The Navigator is equipped with a load-leveling air suspension system, which allows the vehicle to remain stable at all four corners whether it is running with a full complement of eight passengers on streets or running lightly loaded off-road. This translates to a super-smooth highway ride and a deftness along muddy, rocky paths that belies the Navigator’s gargantuan size.

Ford also made the Navigator’s interior quieter than those of its siblings, adding more sound-deadening materials in the floor and support pillars and taking other steps to cut noise, vibration and harshness.

The engine is boffo. It’s a 5.4-liter, single overhead-cam V-8, rated 230 horsepower at 4,250 rpm. Torque is rate d 325 pound-feet at 3,000 rpm.

An electronically controlled, four-speed automatic transmission is standard. Ditto powered, four-wheel disc brakes with anti-locks.

The Navigator, also available in two-wheel drive, is the first of Ford’s 1998 models to be equipped with the company’s Second Generation air bags, which are designed to inflate more slowly than conventional bags and thus reduce the risk of bag deployment injuries to children and small adults.

1998 Lincoln Navigator

Complaints: The size of it all. You can put eight people or 1,800 pounds of stuff in the Navigator, which is the only efficient way to amortize its value on a daily use basis.

Praise: The size and quality of it all. If you had to carry eight people and lots of stuff, this would be the way to do it.

Head-turning quotient: Raised eyebrows and snapped necks everywhere it went. The richies absolutely loved it!

Ride, acceleration and handling: Triple aces on- and off-road, which wass rprising. I expected something this large to be tippy in the rough and wallowy in the corners. But the Navigator did its thing with aplomb. Excellent highway braking, too.

Mileage: About 16 miles per gallon (30-gallon tank, estimated 468-mile range on usable volume of regular unleaded), running mostly highway with one to five occupants and light cargo. The Navigator can be equipped to pull trailers weighing up to 8,000 pounds.

Sound system: Optional seven-speaker AM/FM stereo radio and cassette with six-disc CD changer. Ford Premium Sound System. Excellent.
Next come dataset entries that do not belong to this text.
lemma class_lists_step_spec:
  assumes "wf_instance M" "sorted_classes J M L" "legal M u"
  shows "sorted_classes J (apply_upd M u) (class_lists_step J M L u) \<and>
    move_cost M (pack J M L) (apply_upd M u) (pack J (apply_upd M u) (class_lists_step J M L u))
      \<le> 4 * upd_cost M u"
  unfolding class_lists_step_def by (rule someI_ex[OF exists_class_lists_step[OF assms]])

lemma valid_seq_invariants:
  "valid_seq us \<Longrightarrow> wf_instance (current us) \<and> sorted_classes J (current us) (class_lists J us)"
proof (induction us rule: rev_induct)
  case Nil
  then show ?case
    by (simp add: current_def class_lists_def wf_instance_def sorted_classes_def class_members_def)
next
  case (snoc u us)
  then show ?case
    using class_lists_step_spec wf_instance_apply_upd
    by (simp add: valid_seq_snoc class_lists_snoc current_snoc)
qed

definition bin_packing_alg :: "nat \<Rightarrow> update list \<Rightarrow> packing" where
  "bin_packing_alg n us = pack (floor_log n) (current us) (class_lists (floor_log n) us)"

lemma bin_packing_alg_bins:
  assumes "valid_seq us" "bounded_by n us"
  shows "feasible (current us) (bin_packing_alg n us) \<and>
    real (bins_used (current us) (bin_packing_alg n us)) \<le> 2 * real (OPT (current us)) + 1 + log 2 (real n)"
proof -
  let ?J = "floor_log n"
  have inv: "wf_instance (current us)" "sorted_classes ?J (current us) (class_lists ?J us)"
    using valid_seq_invariants[OF assms(1)] by auto
  have "card (dom (current us)) \<le> n"
    using assms(2) unfolding bounded_by_def by (metis order_refl take_all)
  also have "n \<le> 2 ^ Suc ?J" using floor_log_exp2_ge[of n] by simp
  finally have "feasible (current us) (bin_packing_alg n us)"
    unfolding bin_packing_alg_def by (rule feasible_pack[OF inv])
  moreover have "real (bins_used (current us) (bin_packing_alg n us)) \<le> 2 * real (OPT (current us)) + 1 + log 2 (real n)"
    using bins_used_pack_le[OF inv] real_floor_log_le_log[of n]
    unfolding bin_packing_alg_def by linarith
  ultimately show ?thesis ..
qed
Price: Yee ha! Base price on the tested 4x4model is $42,660. Dealers invoice on that base model is $37,151. Price as tested is $46,660, including $3,360 in options and a $640 destination charge.

Purse-strings note: Compare with Ford Expedition, Chevrolet Tahoe/GMC Jimmy, Land Rover Defender 90, Land-Rover Range Rover 4.6 HSE and even the Mercedes-Benz M-Class All-Activity Vehicle.